::: EXERCISE DATA
lemma nn_integral_client_terms:
  assumes n: "n < N"
  shows "(\<Sum>j<J. \<integral>\<^sup>+ \<omega>. ennreal (fedkrso_term eta g n j \<omega>) \<partial>round_space muW muP D N K J)
    = (\<integral>\<^sup>+ W. (\<Sum>k<K. \<integral>\<^sup>+ P.
        (\<Sum>j<J. \<integral>\<^sup>+ x. ennreal ((norm (fedkrso_B eta g W P x n j ** P))\<^sup>2) \<partial>samples) \<partial>muP k) / of_nat K \<partial>muW)"
proof -
  let ?\<Omega> = "round_space muW muP D N K J"
  define H where "H W (P :: real^'dn^'r) x = (\<Sum>j<J. ennreal ((norm (fedkrso_B eta g W P x n j ** P))\<^sup>2))"
    for W P x
  have "(\<lambda>z. H (fst z) (fst (snd z)) (snd (snd z))) \<in> borel_measurable (borel \<Otimes>\<^sub>M (borel \<Otimes>\<^sub>M samples))"
    unfolding H_def by (intro borel_measurable_sum measurable_factor_triple[OF n]) auto
  then have H_meas: "(\<lambda>(W, P, x). H W P x) \<in> borel_measurable (borel \<Otimes>\<^sub>M (borel \<Otimes>\<^sub>M samples))"
    by (simp add: split_beta')
  have select: "(\<lambda>(W, Ps, ks, x). (W, Ps (ks n), x)) \<in> ?\<Omega> \<rightarrow>\<^sub>M borel \<Otimes>\<^sub>M (borel \<Otimes>\<^sub>M samples)"
    unfolding samples_def using proj_prob by (intro measurable_round_select[OF model_sets _ n]) auto
  have "(\<lambda>\<omega>. ennreal (fedkrso_term eta g n j \<omega>)) \<in> borel_measurable ?\<Omega>" if "j < J" for j
    using measurable_compose[OF select measurable_factor_triple[OF n]] that
    by (simp add: fedkrso_term_def split_beta')
  then have "(\<Sum>j<J. \<integral>\<^sup>+ \<omega>. ennreal (fedkrso_term eta g n j \<omega>) \<partial>?\<Omega>)
      = (\<integral>\<^sup>+ (W, Ps, ks, x). H W (Ps (ks n)) x \<partial>?\<Omega>)"
    by (subst nn_integral_sum[symmetric]) (auto intro!: nn_integral_cong simp: fedkrso_term_def H_def)
  also have "\<dots> = (\<integral>\<^sup>+ W. (\<Sum>k<K. \<integral>\<^sup>+ P. \<integral>\<^sup>+ x. H W P x \<partial>samples \<partial>muP k) / of_nat K \<partial>muW)"
    using nn_integral_round_space[OF model_sets proj_prob _ sample_prob n H_meas[unfolded samples_def]] K_pos
    unfolding samples_def by simp
  also have "\<dots> = (\<integral>\<^sup>+ W. (\<Sum>k<K. \<integral>\<^sup>+ P.
      (\<Sum>j<J. \<integral>\<^sup>+ x. ennreal ((norm (fedkrso_B eta g W P x n j ** P))\<^sup>2) \<partial>samples) \<partial>muP k) / of_nat K \<partial>muW)"
    unfolding H_def by (intro nn_integral_cong sum.cong arg_cong2[where f = "(/)"] refl nn_integral_sum
        measurable_factor_norm_sq[OF n]) auto
  finally show ?thesis .
qed

lemma client_sum_bound:
  assumes n: "n < N"
  shows "(\<Sum>j<J. \<integral>\<^sup>+ \<omega>. ennreal (fedkrso_term eta g n j \<omega>) \<partial>round_space muW muP D N K J)
    \<le> (\<integral>\<^sup>+ W. ennreal (8 * real J ^ 3 * eta\<^sup>2 * c * (norm (gradF n W))\<^sup>2
        + 4 * (real J)\<^sup>2 * eta\<^sup>2 * c\<^sup>2 * sigma\<^sup>2) \<partial>muW)"
  unfolding nn_integral_client_terms[OF n]
proof (rule nn_integral_mono)
  fix W
  let ?r = "8 * real J ^ 3 * eta\<^sup>2 * c * (norm (gradF n W))\<^sup>2 + 4 * (real J)\<^sup>2 * eta\<^sup>2 * c\<^sup>2 * sigma\<^sup>2"
  have "(\<Sum>k<K. \<integral>\<^sup>+ P. (\<Sum>j<J. \<integral>\<^sup>+ x. ennreal ((norm (fedkrso_B eta g W P x n j ** P))\<^sup>2) \<partial>samples) \<partial>muP k)
      \<le> (\<Sum>k<K. ennreal ?r)"
    using proj_prob proj_rows proj_mean
    by (intro sum_mono expected_sum_factor_le[OF n]) (auto simp: orthogonal_rows_def)
  then have "(\<Sum>k<K. \<integral>\<^sup>+ P. (\<Sum>j<J. \<integral>\<^sup>+ x. ennreal ((norm (fedkrso_B eta g W P x n j ** P))\<^sup>2) \<partial>samples) \<partial>muP k)
      / of_nat K \<le> of_nat K * ennreal ?r / of_nat K"
    by (intro divide_right_mono_ennreal) simp
  also have "\<dots> = ennreal ?r"
    using K_pos ennreal_mult_divide_eq[of "of_nat K" "ennreal ?r"] by (simp add: mult.commute)
  finally show "(\<Sum>k<K. \<integral>\<^sup>+ P. (\<Sum>j<J. \<integral>\<^sup>+ x. ennreal ((norm (fedkrso_B eta g W P x n j ** P))\<^sup>2)
      \<partial>samples) \<partial>muP k) / of_nat K \<le> ennreal ?r" .
qed

lemma average_bound:
  assumes N: "1 \<le> N"
    and hetero: "\<forall>W. (\<Sum>n<N. (norm (gradF n W))\<^sup>2) / real N \<le> vsig\<^sup>2 + (norm (G W))\<^sup>2"
    and G: "G \<in> borel_measurable borel"
  shows "ennreal (1 / real N) *
      (\<Sum>n<N. \<Sum>j<J. \<integral>\<^sup>+ \<omega>. ennreal (fedkrso_term eta g n j \<omega>) \<partial>round_space muW muP D N K J)
    \<le> ennreal (8 * real J ^ 3 * eta\<^sup>2 * c * vsig\<^sup>2)
      + ennreal (8 * real J ^ 3 * eta\<^sup>2 * c)
        * (\<integral>\<^sup>+ \<omega>. ennreal ((norm (G (fst \<omega>)))\<^sup>2) \<partial>round_space muW muP D N K J)
      + ennreal (4 * (real J)\<^sup>2 * eta\<^sup>2 * c\<^sup>2 * sigma\<^sup>2)"
proof -
  interpret muW: prob_space muW by (rule model_prob)
  define a where "a = 8 * real J ^ 3 * eta\<^sup>2 * c"
  define b where "b = 4 * (real J)\<^sup>2 * eta\<^sup>2 * c\<^sup>2 * sigma\<^sup>2"
  define r where "r n W = a * (norm (gradF n W))\<^sup>2 + b" for n W
  have a_nonneg: "0 \<le> a" and b_nonneg: "0 \<le> b"
    unfolding a_def b_def using proj_scale_nonneg by auto
  have r_meas: "(\<lambda>W. ennreal (r n W)) \<in> borel_measurable muW" if "n < N" for n
    unfolding r_def measurable_cong_sets[OF model_sets refl]
    using borel_measurable_gradF[OF that] by measurable
  have G_meas: "(\<lambda>W. ennreal ((norm (G W))\<^sup>2)) \<in> borel_measurable muW"
    unfolding measurable_cong_sets[OF model_sets refl] using G by measurable
  have pointwise: "ennreal (1 / real N) * (\<Sum>n<N. ennreal (r n W))
      \<le> ennreal (a * vsig\<^sup>2) + ennreal a * ennreal ((norm (G W))\<^sup>2) + ennreal b" for W
  proof -
    have "(\<Sum>n<N. r n W) / real N = a * ((\<Sum>n<N. (norm (gradF n W))\<^sup>2) / real N) + b"
      using N unfolding r_def by (simp add: sum.distrib sum_distrib_left[symmetric] field_simps)
    also have "\<dots> \<le> a * (vsig\<^sup>2 + (norm (G W))\<^sup>2) + b"
      using hetero a_nonneg by (intro add_right_mono mult_left_mono) auto
    finally show ?thesis
      using a_nonneg b_nonneg
      by (simp add: r_def sum_nonneg ennreal_mult'[symmetric] ennreal_plus[symmetric] distrib_left
          del: ennreal_plus)
  qed
  have "ennreal (1 / real N) *
      (\<Sum>n<N. \<Sum>j<J. \<integral>\<^sup>+ \<omega>. ennreal (fedkrso_term eta g n j \<omega>) \<partial>round_space muW muP D N K J)
      \<le> ennreal (1 / real N) * (\<Sum>n<N. \<integral>\<^sup>+ W. ennreal (r n W) \<partial>muW)"
    using client_sum_bound unfolding r_def a_def b_def by (intro mult_left_mono sum_mono) auto
  also have "\<dots> = ennreal (1 / real N) * (\<integral>\<^sup>+ W. (\<Sum>n<N. ennreal (r n W)) \<partial>muW)"
    using r_meas by (subst nn_integral_sum) auto
  also have "\<dots> = (\<integral>\<^sup>+ W. ennreal (1 / real N) * (\<Sum>n<N. ennreal (r n W)) \<partial>muW)"
    using r_meas by (intro nn_integral_cmult[symmetric] borel_measurable_sum) auto
  also have "\<dots> \<le> (\<integral>\<^sup>+ W. ennreal (a * vsig\<^sup>2) + ennreal a * ennreal ((norm (G W))\<^sup>2) + ennreal b \<partial>muW)"
    by (intro nn_integral_mono pointwise)
  also have "\<dots> = ennreal (a * vsig\<^sup>2) + ennreal a * (\<integral>\<^sup>+ W. ennreal ((norm (G W))\<^sup>2) \<partial>muW) + ennreal b"
    using G_meas by (simp add: nn_integral_add nn_integral_cmult muW.emeasure_space_1)
  also have "(\<integral>\<^sup>+ W. ennreal ((norm (G W))\<^sup>2) \<partial>muW)
      = (\<integral>\<^sup>+ \<omega>. ennreal ((norm (G (fst \<omega>)))\<^sup>2) \<partial>round_space muW muP D N K J)"
    using proj_prob sample_prob G_meas by (intro nn_integral_round_space_fst[symmetric]) auto
  finally show ?thesis unfolding a_def b_def .
qed

end

lemma gradient_average_eq:
  fixes f :: "nat \<Rightarrow> 'a::euclidean_space \<Rightarrow> real"
  assumes "N \<noteq> 0" and "\<forall>n<N. (f n has_derivative (\<lambda>H. v n \<bullet> H)) (at W)"
    and "((\<lambda>V. (\<Sum>n<N. f n V) / real N) has_derivative (\<lambda>H. G \<bullet> H)) (at W)"
  shows "G = (1 / real N) *\<^sub>R (\<Sum>n<N. v n)"
proof -
  have "((\<lambda>V. (\<Sum>n<N. f n V) / real N) has_derivative (\<lambda>H. (\<Sum>n<N. v n \<bullet> H) / real N)) (at W)"
    using assms(1,2) by (auto intro!: derivative_eq_intros)
  from has_derivative_unique[OF assms(3) this]
  have "G \<bullet> H = ((1 / real N) *\<^sub>R (\<Sum>n<N. v n)) \<bullet> H" for H
    by (drule_tac fun_cong[of _ _ H]) (simp add: inner_sum_left)
  then show ?thesis by (metis inner_diff_left inner_eq_zero_iff eq_iff_diff_eq_0)
qed

lemma learning_rate_bound:
  fixes d r L eta :: real
  assumes eta: "0 < eta" "eta \<le> r / (16 * L * d * real J)" and "0 < d" "0 < r" "1 \<le> J"
  shows "0 < L" and "eta * (d / r) * L \<le> 1 / (16 * real J)"
proof -
  show L: "0 < L"
  proof (rule ccontr)
    assume "\<not> 0 < L"
    then have "r / (16 * L * d * real J) \<le> 0"
      using assms(3,4) by (simp add: divide_nonneg_nonpos mult_nonpos_nonneg)
    with eta show False by linarith
  qed
  have "eta * (16 * L * d * real J) \<le> r"
    using eta L assms(3,5) by (simp add: le_divide_eq)
  then show "eta * (d / r) * L \<le> 1 / (16 * real J)"
    using assms(4,5) by (simp add: field_simps)
qed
::::::
GOAL OF THE EXERCISE: Say, as a bare number, how many lines in the entries above include the string "finally".

SOLUTION: 4